§ Task instructions: Scanning the entries below, copy every line that contains the word "with".

[Collected data entries]
════════════════════

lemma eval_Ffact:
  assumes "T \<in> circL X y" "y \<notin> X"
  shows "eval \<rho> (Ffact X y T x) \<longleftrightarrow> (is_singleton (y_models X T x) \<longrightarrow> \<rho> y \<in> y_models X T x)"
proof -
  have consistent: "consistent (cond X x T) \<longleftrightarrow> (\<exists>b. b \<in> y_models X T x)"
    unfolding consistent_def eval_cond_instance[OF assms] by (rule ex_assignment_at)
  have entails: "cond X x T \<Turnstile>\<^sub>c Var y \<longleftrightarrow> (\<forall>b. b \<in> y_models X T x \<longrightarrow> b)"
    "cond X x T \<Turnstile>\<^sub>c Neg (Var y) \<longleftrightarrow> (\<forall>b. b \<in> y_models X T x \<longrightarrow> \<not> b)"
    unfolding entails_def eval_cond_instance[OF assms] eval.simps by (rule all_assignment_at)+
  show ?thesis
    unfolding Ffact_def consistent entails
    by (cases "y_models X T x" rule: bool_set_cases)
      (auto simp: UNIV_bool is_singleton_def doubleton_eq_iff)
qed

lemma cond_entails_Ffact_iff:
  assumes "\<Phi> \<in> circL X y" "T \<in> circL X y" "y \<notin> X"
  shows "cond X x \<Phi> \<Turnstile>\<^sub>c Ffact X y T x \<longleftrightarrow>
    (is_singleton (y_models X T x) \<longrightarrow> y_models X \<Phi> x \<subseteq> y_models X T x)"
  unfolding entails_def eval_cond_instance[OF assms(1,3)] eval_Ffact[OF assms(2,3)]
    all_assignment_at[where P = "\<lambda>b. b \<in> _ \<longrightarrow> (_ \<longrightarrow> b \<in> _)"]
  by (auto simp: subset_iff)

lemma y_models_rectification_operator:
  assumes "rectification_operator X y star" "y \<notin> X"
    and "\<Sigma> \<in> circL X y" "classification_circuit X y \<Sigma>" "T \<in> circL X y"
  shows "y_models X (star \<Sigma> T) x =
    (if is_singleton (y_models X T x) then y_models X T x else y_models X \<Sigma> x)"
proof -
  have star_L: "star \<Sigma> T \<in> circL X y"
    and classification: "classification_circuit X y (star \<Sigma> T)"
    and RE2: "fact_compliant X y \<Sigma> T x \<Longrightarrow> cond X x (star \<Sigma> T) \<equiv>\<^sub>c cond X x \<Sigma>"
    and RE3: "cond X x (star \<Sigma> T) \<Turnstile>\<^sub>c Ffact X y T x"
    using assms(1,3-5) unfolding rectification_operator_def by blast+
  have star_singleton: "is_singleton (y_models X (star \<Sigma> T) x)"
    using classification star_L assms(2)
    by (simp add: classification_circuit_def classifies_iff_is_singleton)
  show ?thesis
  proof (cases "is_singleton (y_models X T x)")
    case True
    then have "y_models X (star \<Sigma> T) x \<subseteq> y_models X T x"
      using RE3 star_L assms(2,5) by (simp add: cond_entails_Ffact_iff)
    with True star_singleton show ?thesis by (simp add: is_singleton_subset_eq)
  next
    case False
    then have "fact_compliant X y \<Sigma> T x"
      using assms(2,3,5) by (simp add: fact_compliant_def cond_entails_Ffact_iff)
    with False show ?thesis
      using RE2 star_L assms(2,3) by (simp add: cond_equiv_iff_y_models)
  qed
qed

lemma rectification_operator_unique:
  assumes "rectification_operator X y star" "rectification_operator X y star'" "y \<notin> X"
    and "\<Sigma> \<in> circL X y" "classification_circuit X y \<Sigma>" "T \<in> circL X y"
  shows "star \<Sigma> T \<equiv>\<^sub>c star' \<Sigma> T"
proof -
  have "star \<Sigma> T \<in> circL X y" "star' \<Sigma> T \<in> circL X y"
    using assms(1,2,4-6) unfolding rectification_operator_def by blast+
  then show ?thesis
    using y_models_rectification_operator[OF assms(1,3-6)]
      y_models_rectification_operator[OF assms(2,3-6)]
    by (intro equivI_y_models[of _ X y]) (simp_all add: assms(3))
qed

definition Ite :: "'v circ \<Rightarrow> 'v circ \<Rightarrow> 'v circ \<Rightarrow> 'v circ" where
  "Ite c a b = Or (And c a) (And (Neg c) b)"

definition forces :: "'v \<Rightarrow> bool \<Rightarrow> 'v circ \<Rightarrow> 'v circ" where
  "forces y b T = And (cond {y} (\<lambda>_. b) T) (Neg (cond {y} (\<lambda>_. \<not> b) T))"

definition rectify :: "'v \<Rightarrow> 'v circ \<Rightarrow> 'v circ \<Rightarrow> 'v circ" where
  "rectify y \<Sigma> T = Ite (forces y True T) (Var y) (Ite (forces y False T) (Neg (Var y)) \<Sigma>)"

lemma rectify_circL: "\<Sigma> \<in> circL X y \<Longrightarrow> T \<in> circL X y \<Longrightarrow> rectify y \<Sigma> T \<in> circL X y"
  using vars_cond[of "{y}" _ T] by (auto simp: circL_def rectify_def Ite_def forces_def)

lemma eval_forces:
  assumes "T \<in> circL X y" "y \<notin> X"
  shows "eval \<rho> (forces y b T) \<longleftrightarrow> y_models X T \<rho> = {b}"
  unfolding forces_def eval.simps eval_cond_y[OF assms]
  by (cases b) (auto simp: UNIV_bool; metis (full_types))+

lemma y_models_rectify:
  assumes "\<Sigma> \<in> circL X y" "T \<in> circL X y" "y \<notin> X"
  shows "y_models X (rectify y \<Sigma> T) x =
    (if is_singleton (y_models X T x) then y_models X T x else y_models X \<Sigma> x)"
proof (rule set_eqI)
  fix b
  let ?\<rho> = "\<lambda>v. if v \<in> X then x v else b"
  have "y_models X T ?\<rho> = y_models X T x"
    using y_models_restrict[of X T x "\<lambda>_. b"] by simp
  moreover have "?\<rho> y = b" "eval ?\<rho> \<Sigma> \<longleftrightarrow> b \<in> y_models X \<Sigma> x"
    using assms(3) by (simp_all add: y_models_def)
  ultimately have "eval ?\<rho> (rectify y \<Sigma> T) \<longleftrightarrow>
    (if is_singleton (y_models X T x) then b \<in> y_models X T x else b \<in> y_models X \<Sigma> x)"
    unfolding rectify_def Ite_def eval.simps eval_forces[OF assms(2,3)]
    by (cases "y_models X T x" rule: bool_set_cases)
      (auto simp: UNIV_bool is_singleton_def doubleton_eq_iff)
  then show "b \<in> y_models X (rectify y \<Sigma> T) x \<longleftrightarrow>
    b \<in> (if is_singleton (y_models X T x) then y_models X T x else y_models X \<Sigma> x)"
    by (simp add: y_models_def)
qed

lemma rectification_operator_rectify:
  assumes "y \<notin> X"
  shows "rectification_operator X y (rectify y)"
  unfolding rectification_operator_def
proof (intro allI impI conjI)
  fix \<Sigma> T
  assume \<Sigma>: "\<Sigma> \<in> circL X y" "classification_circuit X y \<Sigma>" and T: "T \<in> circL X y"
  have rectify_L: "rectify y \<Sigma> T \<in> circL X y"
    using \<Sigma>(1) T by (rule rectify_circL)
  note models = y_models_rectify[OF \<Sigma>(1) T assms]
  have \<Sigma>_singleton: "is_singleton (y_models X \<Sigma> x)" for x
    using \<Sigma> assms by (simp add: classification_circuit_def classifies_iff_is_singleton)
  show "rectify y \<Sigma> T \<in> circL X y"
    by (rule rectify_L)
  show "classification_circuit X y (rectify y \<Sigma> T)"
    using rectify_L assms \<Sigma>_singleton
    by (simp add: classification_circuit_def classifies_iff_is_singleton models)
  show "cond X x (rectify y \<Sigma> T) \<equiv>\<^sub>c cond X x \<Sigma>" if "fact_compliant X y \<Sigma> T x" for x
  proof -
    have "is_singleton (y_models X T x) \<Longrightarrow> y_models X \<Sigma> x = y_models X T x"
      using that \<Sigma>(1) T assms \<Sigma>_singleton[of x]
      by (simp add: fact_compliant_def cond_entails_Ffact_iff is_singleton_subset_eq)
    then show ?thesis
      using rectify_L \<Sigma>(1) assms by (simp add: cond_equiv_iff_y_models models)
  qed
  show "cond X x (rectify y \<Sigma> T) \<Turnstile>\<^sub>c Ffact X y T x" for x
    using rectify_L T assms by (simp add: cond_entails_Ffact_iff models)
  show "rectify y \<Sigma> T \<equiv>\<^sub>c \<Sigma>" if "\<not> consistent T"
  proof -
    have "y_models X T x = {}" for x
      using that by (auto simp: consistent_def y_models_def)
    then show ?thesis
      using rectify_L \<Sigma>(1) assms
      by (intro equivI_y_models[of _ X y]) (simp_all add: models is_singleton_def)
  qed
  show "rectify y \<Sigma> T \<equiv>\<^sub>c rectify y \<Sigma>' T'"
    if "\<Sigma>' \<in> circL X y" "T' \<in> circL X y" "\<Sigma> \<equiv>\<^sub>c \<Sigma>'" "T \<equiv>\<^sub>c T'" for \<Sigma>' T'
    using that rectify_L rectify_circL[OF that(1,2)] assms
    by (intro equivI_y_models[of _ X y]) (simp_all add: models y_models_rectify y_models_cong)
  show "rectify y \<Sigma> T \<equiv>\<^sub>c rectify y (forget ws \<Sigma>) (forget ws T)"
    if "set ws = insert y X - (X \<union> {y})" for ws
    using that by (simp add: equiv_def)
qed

════════════════════

§ Task answer:
    with True star_singleton show ?thesis by (simp add: is_singleton_subset_eq)
    with False show ?thesis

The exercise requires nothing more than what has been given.